# Prompt
When a line of the listing below has the string "finally" in it, copy that line.

# Data listing
○ ○ ○ ○ ○ ○ ○
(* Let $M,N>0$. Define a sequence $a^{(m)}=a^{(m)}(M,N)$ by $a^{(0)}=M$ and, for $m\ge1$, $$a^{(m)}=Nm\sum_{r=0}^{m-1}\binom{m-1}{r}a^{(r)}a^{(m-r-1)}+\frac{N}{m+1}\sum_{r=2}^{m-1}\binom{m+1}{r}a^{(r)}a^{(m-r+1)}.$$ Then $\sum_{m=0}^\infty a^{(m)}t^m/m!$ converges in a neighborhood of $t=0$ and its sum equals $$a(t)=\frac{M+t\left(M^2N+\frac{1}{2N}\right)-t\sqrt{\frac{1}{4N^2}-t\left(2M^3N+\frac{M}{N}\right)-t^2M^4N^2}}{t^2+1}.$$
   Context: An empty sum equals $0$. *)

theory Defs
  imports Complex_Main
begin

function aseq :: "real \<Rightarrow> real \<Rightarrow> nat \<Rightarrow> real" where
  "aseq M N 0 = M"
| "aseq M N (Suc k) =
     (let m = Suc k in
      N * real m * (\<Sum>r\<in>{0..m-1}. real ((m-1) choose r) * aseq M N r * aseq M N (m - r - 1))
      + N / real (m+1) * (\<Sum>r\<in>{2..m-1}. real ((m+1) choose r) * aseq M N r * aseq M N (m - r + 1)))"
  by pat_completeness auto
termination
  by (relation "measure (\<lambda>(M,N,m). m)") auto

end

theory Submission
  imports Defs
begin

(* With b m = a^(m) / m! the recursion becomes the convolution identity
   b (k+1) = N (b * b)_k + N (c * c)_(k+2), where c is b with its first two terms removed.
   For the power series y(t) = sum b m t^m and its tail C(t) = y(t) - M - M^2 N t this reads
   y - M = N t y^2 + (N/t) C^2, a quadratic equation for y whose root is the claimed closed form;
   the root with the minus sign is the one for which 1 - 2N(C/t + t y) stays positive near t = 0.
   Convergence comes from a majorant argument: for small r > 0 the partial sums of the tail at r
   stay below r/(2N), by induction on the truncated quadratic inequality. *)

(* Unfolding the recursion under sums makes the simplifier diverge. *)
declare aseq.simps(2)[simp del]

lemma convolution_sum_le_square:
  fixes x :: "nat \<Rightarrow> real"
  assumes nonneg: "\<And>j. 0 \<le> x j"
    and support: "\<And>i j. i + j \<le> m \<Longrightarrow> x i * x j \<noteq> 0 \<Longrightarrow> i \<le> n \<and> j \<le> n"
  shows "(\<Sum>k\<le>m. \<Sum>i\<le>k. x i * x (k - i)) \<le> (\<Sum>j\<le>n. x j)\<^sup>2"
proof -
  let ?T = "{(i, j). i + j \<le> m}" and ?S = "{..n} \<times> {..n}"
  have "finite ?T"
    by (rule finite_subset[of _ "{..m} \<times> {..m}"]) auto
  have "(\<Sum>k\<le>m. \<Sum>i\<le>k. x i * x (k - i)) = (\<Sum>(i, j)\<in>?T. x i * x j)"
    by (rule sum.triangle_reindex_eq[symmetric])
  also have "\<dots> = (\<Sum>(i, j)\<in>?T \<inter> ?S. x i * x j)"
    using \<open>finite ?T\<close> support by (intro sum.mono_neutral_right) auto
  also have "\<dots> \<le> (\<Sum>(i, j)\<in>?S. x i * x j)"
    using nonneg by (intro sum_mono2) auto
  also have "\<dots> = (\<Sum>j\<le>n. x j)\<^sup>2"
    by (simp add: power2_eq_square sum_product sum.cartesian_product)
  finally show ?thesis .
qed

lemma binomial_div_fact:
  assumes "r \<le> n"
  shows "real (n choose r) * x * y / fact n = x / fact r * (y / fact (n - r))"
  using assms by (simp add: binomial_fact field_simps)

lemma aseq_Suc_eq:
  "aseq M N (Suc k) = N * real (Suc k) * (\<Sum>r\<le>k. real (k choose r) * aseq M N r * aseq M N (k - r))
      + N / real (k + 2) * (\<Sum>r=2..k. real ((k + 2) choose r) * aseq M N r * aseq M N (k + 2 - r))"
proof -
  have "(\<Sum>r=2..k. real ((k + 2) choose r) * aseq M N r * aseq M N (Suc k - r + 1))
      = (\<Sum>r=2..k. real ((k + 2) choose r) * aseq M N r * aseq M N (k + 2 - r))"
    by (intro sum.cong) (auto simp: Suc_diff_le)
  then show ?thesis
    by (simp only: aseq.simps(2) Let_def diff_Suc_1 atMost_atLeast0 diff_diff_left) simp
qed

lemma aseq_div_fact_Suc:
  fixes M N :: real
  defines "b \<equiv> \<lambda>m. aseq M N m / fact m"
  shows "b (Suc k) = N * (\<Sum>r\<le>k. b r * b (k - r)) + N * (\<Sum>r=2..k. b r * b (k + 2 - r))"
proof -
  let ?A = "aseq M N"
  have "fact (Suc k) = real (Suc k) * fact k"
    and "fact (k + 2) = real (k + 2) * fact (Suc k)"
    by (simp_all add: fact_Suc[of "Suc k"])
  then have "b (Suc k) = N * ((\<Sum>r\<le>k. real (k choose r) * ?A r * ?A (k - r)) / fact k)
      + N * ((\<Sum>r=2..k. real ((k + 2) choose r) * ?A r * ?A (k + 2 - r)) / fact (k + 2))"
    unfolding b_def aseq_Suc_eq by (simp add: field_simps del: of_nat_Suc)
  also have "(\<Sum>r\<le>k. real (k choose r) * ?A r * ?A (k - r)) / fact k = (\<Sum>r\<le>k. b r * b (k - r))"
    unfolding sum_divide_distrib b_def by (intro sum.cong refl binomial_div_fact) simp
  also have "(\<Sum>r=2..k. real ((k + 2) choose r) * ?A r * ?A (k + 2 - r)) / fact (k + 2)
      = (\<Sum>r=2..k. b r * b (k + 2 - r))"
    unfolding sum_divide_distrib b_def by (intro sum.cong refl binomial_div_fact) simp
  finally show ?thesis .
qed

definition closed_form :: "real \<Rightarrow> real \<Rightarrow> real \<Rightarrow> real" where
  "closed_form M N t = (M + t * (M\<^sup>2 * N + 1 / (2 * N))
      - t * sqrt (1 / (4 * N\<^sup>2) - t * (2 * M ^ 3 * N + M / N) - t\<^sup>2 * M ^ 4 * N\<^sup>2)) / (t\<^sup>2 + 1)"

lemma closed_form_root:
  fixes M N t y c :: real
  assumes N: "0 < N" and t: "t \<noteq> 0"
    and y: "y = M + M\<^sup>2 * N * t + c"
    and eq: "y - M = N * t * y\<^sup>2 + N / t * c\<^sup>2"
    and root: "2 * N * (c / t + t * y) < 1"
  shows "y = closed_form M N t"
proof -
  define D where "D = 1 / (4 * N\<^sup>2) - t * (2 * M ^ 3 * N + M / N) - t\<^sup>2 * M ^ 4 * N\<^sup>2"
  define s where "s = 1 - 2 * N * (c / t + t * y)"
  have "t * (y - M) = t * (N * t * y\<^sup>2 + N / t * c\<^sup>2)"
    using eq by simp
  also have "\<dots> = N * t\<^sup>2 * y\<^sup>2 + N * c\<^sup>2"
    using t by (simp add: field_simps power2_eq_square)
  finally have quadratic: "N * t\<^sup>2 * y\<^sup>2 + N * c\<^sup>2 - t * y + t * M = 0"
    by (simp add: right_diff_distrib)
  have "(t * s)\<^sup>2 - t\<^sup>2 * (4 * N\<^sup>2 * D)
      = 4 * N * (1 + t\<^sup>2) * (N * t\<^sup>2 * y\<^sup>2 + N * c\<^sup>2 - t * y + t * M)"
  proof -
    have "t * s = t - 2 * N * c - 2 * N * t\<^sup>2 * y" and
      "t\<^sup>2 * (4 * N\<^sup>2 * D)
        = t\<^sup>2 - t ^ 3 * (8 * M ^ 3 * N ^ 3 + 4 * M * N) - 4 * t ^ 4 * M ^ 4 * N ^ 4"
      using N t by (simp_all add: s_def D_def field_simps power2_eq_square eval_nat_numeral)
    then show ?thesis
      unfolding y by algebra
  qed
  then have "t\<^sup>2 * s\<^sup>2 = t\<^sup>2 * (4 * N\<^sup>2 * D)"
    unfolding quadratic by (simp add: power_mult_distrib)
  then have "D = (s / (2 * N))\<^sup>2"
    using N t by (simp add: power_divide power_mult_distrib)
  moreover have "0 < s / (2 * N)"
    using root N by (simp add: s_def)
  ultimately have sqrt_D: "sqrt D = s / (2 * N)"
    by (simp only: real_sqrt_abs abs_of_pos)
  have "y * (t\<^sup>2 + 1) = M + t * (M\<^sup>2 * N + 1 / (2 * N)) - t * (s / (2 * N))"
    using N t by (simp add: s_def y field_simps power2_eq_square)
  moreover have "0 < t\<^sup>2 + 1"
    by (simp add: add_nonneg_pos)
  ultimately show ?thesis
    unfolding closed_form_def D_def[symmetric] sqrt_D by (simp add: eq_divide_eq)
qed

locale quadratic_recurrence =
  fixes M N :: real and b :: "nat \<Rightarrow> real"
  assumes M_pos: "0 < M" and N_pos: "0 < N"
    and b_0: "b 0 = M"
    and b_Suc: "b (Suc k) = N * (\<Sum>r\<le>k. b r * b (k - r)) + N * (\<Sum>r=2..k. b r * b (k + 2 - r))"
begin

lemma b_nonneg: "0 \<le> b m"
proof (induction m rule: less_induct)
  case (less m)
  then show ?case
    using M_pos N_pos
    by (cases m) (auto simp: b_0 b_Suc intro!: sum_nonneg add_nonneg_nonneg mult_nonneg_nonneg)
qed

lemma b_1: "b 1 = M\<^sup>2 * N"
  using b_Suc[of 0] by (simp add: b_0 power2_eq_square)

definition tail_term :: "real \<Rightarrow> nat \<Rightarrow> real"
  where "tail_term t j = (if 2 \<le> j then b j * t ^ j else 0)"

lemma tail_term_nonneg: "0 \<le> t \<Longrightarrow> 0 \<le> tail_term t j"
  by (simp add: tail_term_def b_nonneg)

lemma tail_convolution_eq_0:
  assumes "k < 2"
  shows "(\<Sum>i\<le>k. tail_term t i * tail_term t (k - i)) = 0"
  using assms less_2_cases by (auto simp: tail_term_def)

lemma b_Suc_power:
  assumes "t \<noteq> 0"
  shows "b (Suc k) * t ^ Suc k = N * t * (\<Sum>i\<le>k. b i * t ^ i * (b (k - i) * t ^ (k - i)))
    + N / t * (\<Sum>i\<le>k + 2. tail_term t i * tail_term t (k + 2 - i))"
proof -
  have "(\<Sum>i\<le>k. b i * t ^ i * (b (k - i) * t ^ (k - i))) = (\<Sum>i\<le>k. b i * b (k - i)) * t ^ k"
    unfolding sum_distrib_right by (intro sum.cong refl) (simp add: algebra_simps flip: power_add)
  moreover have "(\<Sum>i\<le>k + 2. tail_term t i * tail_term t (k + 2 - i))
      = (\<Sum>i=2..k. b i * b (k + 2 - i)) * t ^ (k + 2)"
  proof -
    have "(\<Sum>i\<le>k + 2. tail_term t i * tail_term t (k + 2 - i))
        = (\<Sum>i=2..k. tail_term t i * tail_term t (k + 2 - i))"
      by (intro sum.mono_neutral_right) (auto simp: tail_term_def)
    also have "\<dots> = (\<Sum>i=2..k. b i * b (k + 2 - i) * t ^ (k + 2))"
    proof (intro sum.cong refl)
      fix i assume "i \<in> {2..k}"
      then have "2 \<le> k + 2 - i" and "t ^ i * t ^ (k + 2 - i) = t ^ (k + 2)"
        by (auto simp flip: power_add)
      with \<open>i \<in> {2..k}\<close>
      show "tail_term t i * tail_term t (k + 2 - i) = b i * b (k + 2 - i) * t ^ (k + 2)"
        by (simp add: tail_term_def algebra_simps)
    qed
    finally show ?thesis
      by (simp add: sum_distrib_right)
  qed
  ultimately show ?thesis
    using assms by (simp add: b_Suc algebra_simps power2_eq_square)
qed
○ ○ ○ ○ ○ ○ ○
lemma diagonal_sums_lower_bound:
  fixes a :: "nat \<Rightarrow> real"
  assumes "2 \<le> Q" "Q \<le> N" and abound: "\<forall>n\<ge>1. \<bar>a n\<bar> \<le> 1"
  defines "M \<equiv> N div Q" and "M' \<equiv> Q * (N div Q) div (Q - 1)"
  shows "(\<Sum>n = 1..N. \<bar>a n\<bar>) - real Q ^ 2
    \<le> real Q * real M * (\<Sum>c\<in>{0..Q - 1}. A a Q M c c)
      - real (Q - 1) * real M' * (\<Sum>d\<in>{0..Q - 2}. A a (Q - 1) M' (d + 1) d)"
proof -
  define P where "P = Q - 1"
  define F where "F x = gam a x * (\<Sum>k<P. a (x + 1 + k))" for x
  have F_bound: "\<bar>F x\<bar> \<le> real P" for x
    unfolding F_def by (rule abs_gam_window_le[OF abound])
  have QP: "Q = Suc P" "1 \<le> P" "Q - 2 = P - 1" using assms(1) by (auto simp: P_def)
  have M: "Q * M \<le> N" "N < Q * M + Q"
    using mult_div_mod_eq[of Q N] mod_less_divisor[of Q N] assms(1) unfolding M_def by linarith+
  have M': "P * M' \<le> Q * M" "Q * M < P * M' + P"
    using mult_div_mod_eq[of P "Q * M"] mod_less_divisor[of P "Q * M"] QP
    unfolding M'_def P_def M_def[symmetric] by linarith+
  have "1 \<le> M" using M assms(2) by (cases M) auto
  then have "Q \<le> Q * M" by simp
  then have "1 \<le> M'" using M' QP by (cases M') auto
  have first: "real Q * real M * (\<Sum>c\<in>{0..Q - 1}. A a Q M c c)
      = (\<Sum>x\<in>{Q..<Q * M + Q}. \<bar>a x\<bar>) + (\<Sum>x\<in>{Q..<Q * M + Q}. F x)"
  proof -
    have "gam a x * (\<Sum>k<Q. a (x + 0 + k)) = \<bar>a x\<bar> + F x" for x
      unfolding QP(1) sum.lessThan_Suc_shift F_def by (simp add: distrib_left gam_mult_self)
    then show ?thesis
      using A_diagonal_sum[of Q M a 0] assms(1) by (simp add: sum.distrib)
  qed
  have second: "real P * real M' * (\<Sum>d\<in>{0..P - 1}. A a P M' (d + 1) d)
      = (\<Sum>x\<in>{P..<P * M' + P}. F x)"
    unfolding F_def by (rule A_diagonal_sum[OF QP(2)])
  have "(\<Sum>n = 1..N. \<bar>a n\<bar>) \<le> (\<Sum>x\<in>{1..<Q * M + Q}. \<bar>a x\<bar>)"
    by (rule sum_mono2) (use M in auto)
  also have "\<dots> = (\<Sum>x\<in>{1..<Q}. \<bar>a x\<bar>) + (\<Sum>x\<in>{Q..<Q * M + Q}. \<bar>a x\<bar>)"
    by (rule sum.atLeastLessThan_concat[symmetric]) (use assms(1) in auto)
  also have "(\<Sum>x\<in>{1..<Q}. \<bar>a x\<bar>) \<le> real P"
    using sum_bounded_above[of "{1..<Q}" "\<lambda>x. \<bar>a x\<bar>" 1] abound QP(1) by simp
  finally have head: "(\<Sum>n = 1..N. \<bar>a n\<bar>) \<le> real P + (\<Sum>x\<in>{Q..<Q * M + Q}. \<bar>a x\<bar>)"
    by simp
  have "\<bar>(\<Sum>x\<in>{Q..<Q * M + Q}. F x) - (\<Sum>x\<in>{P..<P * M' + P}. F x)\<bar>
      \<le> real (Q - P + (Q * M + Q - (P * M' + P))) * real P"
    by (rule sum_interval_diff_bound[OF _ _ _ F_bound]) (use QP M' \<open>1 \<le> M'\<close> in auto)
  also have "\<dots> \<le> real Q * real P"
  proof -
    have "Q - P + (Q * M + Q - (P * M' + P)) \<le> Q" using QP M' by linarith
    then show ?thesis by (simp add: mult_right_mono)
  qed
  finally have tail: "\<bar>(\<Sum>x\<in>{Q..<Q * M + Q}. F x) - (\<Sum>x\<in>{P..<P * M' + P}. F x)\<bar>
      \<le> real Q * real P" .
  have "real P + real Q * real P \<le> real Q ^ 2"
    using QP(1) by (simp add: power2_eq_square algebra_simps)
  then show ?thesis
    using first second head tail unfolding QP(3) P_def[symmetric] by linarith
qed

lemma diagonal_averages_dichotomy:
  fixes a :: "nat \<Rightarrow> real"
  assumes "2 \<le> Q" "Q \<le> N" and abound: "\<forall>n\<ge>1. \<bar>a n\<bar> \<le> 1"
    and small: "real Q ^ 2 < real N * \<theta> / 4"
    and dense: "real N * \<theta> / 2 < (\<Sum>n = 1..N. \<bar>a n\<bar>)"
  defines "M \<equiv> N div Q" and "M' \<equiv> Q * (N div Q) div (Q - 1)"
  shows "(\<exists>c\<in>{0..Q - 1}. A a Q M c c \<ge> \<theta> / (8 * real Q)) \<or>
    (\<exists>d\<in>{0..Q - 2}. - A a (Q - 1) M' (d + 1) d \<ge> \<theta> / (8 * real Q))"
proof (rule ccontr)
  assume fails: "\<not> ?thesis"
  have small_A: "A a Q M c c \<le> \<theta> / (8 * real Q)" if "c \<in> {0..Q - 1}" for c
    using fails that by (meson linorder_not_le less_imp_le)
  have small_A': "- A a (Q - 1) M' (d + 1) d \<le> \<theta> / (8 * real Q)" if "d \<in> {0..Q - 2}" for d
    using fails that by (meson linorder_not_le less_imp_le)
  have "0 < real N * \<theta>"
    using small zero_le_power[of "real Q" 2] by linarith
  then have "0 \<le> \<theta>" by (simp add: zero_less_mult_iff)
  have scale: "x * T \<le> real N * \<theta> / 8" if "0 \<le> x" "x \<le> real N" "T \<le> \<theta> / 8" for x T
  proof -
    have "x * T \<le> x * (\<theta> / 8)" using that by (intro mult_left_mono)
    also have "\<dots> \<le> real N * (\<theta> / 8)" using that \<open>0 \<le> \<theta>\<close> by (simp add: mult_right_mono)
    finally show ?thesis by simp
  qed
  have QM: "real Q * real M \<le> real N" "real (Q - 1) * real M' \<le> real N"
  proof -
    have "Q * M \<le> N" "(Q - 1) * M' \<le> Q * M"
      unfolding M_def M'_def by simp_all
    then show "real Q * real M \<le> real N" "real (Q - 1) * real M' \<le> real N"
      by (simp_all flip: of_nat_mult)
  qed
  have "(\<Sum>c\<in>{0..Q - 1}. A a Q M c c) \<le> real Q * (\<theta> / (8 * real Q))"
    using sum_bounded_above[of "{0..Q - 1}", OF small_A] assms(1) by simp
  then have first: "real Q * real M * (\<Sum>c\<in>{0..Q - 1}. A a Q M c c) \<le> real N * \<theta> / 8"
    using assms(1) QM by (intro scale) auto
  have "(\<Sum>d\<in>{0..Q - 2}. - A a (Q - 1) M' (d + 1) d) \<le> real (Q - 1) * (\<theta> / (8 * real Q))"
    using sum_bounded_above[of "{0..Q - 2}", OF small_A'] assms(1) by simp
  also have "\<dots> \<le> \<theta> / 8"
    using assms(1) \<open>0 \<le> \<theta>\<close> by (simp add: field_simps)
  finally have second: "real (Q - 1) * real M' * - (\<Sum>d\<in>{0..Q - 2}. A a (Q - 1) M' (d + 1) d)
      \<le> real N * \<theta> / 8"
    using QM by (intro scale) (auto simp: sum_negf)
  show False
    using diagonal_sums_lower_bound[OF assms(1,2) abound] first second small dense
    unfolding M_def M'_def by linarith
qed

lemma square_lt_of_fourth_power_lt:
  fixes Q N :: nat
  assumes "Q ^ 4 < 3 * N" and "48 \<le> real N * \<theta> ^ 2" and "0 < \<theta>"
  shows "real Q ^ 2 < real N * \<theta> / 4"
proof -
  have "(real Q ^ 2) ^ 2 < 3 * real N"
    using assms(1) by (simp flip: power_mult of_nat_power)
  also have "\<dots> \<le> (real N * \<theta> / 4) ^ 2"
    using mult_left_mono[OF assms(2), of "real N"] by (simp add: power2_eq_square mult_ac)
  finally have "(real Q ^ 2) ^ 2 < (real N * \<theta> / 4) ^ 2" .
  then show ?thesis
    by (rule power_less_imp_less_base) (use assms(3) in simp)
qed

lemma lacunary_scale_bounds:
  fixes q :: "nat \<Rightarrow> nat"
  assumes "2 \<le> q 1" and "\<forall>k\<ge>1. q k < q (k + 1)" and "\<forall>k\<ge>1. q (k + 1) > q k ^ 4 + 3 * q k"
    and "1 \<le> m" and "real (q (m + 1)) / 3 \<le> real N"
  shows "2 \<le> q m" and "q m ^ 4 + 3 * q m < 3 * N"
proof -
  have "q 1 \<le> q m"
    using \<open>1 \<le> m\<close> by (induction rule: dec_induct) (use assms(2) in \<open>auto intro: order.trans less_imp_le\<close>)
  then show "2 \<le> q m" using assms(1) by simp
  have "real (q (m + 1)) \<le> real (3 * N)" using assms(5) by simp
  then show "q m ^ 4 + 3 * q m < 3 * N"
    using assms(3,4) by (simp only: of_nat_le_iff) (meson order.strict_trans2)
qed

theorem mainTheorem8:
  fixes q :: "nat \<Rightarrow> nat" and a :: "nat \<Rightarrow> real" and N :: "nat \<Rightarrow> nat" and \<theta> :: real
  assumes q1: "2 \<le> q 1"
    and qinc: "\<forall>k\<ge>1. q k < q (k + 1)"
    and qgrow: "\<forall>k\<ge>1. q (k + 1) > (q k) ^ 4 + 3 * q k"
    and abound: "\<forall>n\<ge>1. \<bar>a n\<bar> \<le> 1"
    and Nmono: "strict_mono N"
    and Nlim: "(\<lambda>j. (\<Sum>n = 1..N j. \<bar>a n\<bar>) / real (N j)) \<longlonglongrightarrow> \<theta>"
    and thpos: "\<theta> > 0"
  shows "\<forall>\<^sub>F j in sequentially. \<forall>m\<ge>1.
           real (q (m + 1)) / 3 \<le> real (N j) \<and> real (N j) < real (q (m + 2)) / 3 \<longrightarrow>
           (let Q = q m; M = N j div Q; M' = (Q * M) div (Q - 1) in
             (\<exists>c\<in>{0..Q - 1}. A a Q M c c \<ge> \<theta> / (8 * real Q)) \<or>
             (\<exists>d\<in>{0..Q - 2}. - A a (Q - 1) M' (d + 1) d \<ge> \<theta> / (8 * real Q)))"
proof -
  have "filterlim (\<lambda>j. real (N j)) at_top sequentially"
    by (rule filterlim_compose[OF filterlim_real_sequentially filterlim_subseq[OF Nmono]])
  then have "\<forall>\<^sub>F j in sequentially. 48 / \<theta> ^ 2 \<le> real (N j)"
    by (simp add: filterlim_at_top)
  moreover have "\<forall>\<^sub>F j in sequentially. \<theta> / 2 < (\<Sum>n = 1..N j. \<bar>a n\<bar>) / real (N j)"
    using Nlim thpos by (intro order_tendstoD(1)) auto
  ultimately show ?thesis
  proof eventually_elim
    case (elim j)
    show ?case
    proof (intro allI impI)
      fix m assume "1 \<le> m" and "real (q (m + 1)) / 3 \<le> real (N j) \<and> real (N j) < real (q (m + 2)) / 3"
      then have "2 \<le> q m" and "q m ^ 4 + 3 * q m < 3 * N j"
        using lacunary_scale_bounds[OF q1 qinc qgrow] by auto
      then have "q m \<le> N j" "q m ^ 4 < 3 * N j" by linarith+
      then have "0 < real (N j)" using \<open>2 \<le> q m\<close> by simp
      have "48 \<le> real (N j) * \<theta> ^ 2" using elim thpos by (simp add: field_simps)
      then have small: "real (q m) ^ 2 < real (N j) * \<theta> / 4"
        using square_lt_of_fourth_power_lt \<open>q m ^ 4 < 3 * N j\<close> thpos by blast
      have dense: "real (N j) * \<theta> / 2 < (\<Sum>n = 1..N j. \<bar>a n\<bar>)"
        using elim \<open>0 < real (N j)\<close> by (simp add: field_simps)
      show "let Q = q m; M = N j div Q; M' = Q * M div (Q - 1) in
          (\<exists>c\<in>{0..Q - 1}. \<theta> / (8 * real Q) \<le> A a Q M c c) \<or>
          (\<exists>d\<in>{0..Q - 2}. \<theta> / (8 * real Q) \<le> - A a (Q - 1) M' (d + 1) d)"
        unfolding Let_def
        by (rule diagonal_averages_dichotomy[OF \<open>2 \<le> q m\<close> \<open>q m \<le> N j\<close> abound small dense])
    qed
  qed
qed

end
○ ○ ○ ○ ○ ○ ○
# Solved problem
  finally show ?thesis .
  finally show ?thesis .
  finally have quadratic: "N * t\<^sup>2 * y\<^sup>2 + N * c\<^sup>2 - t * y + t * M = 0"
    finally show ?thesis
  finally have head: "(\<Sum>n = 1..N. \<bar>a n\<bar>) \<le> real P + (\<Sum>x\<in>{Q..<Q * M + Q}. \<bar>a x\<bar>)"
  finally have tail: "\<bar>(\<Sum>x\<in>{Q..<Q * M + Q}. F x) - (\<Sum>x\<in>{P..<P * M' + P}. F x)\<bar>
    finally show ?thesis by simp
  finally have second: "real (Q - 1) * real M' * - (\<Sum>d\<in>{0..Q - 2}. A a (Q - 1) M' (d + 1) d)
  finally have "(real Q ^ 2) ^ 2 < (real N * \<theta> / 4) ^ 2" .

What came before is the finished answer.